Material provided:
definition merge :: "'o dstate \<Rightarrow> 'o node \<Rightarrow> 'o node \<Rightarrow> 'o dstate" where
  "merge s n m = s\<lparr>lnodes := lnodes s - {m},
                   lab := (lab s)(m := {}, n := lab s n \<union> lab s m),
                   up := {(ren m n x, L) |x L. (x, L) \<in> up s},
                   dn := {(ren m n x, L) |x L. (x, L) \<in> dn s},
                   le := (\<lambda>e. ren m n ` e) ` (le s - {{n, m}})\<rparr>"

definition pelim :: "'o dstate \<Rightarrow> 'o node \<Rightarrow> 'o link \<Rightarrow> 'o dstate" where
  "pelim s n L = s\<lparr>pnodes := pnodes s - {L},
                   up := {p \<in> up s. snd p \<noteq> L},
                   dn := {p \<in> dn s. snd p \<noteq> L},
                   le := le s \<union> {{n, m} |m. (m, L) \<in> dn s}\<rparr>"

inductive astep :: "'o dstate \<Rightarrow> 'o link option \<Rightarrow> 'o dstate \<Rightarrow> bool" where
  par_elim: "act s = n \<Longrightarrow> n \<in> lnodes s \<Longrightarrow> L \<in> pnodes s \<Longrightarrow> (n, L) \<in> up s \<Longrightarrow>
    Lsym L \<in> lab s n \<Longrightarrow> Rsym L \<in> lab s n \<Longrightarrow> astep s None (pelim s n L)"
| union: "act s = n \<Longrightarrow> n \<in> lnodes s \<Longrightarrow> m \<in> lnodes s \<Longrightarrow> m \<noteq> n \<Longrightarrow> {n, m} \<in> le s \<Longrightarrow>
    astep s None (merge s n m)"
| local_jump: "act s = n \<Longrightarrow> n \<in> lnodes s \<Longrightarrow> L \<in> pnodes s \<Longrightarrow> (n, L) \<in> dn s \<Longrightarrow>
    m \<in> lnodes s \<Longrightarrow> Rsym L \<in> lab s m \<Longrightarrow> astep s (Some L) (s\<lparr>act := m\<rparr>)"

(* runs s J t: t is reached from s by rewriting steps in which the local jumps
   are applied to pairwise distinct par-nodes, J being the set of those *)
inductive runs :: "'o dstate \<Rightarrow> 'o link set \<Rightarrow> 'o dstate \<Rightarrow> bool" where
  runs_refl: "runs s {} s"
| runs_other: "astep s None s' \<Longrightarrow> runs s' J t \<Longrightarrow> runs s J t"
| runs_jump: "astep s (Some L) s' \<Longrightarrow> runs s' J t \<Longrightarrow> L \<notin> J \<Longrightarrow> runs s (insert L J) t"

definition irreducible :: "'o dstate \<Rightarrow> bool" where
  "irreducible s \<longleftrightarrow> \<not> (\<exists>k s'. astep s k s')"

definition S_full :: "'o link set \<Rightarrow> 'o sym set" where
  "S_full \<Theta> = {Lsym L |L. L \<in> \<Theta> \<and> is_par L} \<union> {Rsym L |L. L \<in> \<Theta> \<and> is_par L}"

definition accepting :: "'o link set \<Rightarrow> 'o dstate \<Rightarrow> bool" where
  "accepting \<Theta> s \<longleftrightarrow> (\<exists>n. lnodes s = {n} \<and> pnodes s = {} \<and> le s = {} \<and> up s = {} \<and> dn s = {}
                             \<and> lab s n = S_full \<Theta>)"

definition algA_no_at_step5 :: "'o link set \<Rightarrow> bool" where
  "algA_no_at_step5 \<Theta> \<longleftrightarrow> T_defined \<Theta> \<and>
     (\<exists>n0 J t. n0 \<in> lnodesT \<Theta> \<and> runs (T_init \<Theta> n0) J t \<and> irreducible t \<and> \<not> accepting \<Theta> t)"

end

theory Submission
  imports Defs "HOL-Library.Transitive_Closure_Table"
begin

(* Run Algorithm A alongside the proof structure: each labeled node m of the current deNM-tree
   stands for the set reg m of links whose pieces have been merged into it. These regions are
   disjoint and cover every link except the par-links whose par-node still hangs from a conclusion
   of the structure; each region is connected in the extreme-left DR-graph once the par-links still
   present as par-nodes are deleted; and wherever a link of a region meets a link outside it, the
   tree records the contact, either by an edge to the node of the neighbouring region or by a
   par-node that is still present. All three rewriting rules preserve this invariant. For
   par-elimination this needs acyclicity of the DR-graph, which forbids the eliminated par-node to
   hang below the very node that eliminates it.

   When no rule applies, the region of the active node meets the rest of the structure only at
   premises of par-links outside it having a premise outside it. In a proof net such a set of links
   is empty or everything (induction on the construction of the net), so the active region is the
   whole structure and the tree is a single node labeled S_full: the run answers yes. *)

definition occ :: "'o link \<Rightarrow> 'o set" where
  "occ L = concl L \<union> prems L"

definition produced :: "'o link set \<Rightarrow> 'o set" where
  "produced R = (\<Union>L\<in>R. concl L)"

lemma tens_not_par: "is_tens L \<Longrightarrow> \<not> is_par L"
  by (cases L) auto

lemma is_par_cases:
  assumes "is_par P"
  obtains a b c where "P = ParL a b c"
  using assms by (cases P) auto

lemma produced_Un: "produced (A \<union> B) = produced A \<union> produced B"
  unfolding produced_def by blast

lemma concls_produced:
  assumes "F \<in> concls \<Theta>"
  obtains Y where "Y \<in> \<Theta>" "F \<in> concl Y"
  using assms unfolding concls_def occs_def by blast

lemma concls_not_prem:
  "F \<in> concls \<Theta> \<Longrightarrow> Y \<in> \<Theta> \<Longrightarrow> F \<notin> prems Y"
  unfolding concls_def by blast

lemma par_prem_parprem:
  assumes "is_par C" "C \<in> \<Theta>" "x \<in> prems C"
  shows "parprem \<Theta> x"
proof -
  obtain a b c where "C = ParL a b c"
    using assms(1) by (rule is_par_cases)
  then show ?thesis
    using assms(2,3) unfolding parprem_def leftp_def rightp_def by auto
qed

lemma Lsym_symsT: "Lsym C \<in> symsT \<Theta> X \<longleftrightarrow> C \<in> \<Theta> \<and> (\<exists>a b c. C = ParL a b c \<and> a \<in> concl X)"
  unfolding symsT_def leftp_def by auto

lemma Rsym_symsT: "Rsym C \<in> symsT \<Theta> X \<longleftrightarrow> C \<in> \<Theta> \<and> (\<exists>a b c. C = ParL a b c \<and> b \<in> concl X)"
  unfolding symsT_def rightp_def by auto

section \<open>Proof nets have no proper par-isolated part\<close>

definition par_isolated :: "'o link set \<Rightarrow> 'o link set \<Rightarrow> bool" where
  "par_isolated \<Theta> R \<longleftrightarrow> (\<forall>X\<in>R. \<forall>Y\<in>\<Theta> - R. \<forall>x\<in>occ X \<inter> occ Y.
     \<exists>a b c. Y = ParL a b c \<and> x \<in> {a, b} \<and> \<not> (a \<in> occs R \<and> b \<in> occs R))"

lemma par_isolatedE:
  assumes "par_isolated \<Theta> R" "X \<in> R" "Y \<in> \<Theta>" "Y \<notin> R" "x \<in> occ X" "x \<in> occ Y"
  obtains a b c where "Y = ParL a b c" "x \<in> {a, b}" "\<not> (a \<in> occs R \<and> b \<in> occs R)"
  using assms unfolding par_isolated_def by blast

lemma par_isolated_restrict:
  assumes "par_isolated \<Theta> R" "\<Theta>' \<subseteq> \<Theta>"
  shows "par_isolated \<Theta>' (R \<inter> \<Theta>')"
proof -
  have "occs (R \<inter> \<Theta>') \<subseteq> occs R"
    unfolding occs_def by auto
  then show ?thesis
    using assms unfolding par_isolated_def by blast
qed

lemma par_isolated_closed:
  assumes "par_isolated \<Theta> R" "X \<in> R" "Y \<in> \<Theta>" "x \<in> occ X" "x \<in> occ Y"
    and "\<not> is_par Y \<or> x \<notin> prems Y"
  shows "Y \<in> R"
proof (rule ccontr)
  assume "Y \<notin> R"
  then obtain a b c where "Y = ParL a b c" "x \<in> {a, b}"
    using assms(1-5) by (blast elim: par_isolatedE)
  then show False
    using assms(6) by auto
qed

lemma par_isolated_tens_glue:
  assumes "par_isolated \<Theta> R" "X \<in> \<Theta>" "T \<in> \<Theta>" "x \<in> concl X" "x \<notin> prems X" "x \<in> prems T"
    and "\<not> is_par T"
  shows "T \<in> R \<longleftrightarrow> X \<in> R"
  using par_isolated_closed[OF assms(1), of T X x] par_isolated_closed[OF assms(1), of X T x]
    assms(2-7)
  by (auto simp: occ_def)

Work to complete:
Please transcribe exactly the lines above from the line that has "up s \<Longrightarrow>" up to and including the line that has "dn s \<Longrightarrow>"; no other line belongs in the answer.

Response below:
  par_elim: "act s = n \<Longrightarrow> n \<in> lnodes s \<Longrightarrow> L \<in> pnodes s \<Longrightarrow> (n, L) \<in> up s \<Longrightarrow>
    Lsym L \<in> lab s n \<Longrightarrow> Rsym L \<in> lab s n \<Longrightarrow> astep s None (pelim s n L)"
| union: "act s = n \<Longrightarrow> n \<in> lnodes s \<Longrightarrow> m \<in> lnodes s \<Longrightarrow> m \<noteq> n \<Longrightarrow> {n, m} \<in> le s \<Longrightarrow>
    astep s None (merge s n m)"
| local_jump: "act s = n \<Longrightarrow> n \<in> lnodes s \<Longrightarrow> L \<in> pnodes s \<Longrightarrow> (n, L) \<in> dn s \<Longrightarrow>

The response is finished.